(DATA TO PROCESS begins)

lemma moment_step:
  assumes "m \<ge> 1" and "adj n m u w" and "\<not> right_shift n m m u w"
  shows "(\<Sum>j\<le>m+1. int j * u j) \<le> (\<Sum>j\<le>m+1. int j * w j) + 1"
proof -
  obtain i where i: "i \<le> m" and sh: "left_shift n m i u w \<or> right_shift n m i u w"
    using assms(2) by (auto simp: adj_def)
  have "0 \<le> u (m+1)" "u (m+1) < int n"
    using assms(2) by (simp_all add: adj_def Zv_def)
  then have last: "u (m+1) - 1 \<le> (u (m+1) - 1) mod int n"
    by (rule pred_mod_ge)
  have "-1 \<le> int i * (w i - u i) + int (i+1) * (w (i+1) - u (i+1))"
  proof (cases "left_shift n m i u w")
    case True
    then have "-1 \<le> w (i+1) - u (i+1)" and "i \<noteq> 0 \<Longrightarrow> w i = u i + 1"
      using i last by (auto simp: left_shift_def cadd_def)
    then have "- int (i+1) \<le> int (i+1) * (w (i+1) - u (i+1))"
      using mult_left_mono[of "-1" "w (i+1) - u (i+1)" "int (i+1)"] by simp
    then show ?thesis
      using \<open>i \<noteq> 0 \<Longrightarrow> w i = u i + 1\<close> by (cases "i = 0") simp_all
  next
    case False
    then have "right_shift n m i u w" and "i \<noteq> m"
      using sh assms(3) by auto
    then have "w (i+1) = u (i+1) + 1" and "i \<noteq> 0 \<Longrightarrow> w i = u i - 1"
      using i by (auto simp: right_shift_def cadd_def)
    then show ?thesis
      by (cases "i = 0") simp_all
  qed
  moreover have "\<forall>j. j \<noteq> i \<and> j \<noteq> i + 1 \<longrightarrow> w j = u j"
    using sh by (auto simp: left_shift_def right_shift_def)
  ultimately show ?thesis
    using sum_weighted_shift[OF i, of w u int] by simp
qed
(* Let $p$ and $p'$ be consecutive patterns of the same length that are both non-overlapping and are interchangeable. Then $p$ and $p'$ are super-strongly Wilf equivalent.
   Context: An inversion sequence of length $n$ is an integer sequence $e=e_1e_2\dots e_n$ with $0\le e_i<i$ for all $i$; $\mathbf{I}_n$ denotes the set of these. A pattern of length $r$ is a sequence $p=p_1\dots p_r$ with $p_i\in\{0,\dots,r-1\}$ such that whenever a value $j>0$ appears in $p$, the value $j-1$ also appears. The reduction of an integer word $w$ is obtained by replacing every occurrence of the $i$-th smallest distinct value of $w$ by $i-1$. An inversion sequence $e$ has an occurrence of the consecutive pattern $p$ in position $i$ if the reduction of $e_i\dots e_{i+r-1}$ equals $p$; $\mathrm{Em}(p,e)$ is the set of such positions. $p=p_1\dots p_r$ is non-overlapping if for every $1<i<r$ the reductions of $p_1\dots p_i$ and $p_{r-i+1}\dots p_r$ differ. Given patterns $p,p'$ of length $r$ with $p_1=p'_1$, $p_r=p'_r$ and $\max_i p_i=\max_i p'_i$, $p$ is changeable for $p'$ if for all $1\le i\le r$, $p'_i\le\max(\{p_j:1\le j\le i\}\cup\{p_j-j+i: i<j\le r\})$; $p$ and $p'$ are interchangeable if each is changeable for the other. Two patterns are super-strongly Wilf equivalent if $|\{e\in\mathbf{I}_n:\mathrm{Em}(p,e)=T\}|=|\{e\in\mathbf{I}_n:\mathrm{Em}(p',e)=T\}|$ for all $n$ and all $T\subseteq[n]$. *)

theory Defs
  imports Main
begin

text \<open>Words are lists of naturals; positions are 1-indexed as in the paper,
  so the paper's e_i is  e ! (i - 1).\<close>

definition inv_seqs :: "nat \<Rightarrow> nat list set" where
  "inv_seqs n = {e. length e = n \<and> (\<forall>i<n. e ! i < Suc i)}"

text \<open>Reduction: the i-th smallest distinct value (i \<ge> 1) becomes i - 1, i.e.
  each value is replaced by the number of distinct values of the word below it.\<close>
definition reduction :: "nat list \<Rightarrow> nat list" where
  "reduction w = map (\<lambda>x. card {y \<in> set w. y < x}) w"

definition is_pattern :: "nat list \<Rightarrow> bool" where
  "is_pattern p \<longleftrightarrow> (\<forall>i<length p. p ! i < length p) \<and>
     (\<forall>j \<in> set p. 0 < j \<longrightarrow> j - 1 \<in> set p)"

definition factor :: "nat list \<Rightarrow> nat \<Rightarrow> nat \<Rightarrow> nat list" where
  "factor e i r = take r (drop (i - 1) e)"

definition Em :: "nat list \<Rightarrow> nat list \<Rightarrow> nat set" where
  "Em p e = {i. 1 \<le> i \<and> i + length p - 1 \<le> length e \<and>
                reduction (factor e i (length p)) = p}"

definition non_overlapping :: "nat list \<Rightarrow> bool" where
  "non_overlapping p \<longleftrightarrow>
     (\<forall>i. 1 < i \<and> i < length p \<longrightarrow>
        reduction (take i p) \<noteq> reduction (drop (length p - i) p))"

text \<open>Changeable, with the paper's standing conditions (same length r,
  p_1 = p'_1, p_r = p'_r, equal maxima) included. The shifted values p_j - j + i are computed in int.\<close>
definition changeable :: "nat list \<Rightarrow> nat list \<Rightarrow> bool" where
  "changeable p p' \<longleftrightarrow>
     (let r = length p in
      length p' = r \<and> r \<ge> 1 \<and> p ! 0 = p' ! 0 \<and> p ! (r - 1) = p' ! (r - 1) \<and>
      Max (set p) = Max (set p') \<and>
      (\<forall>i\<in>{1..r}. int (p' ! (i - 1)) \<le>
          Max ((\<lambda>j. int (p ! (j - 1))) ` {1..i} \<union>
               (\<lambda>j. int (p ! (j - 1)) - int j + int i) ` {i<..r})))"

(DATA TO PROCESS ends)

PROBLEM STATEMENT: Read through the data above. Report each line that has the word "drop".

TASK OUTPUT:
  "factor e i r = take r (drop (i - 1) e)"
        reduction (take i p) \<noteq> reduction (drop (length p - i) p))"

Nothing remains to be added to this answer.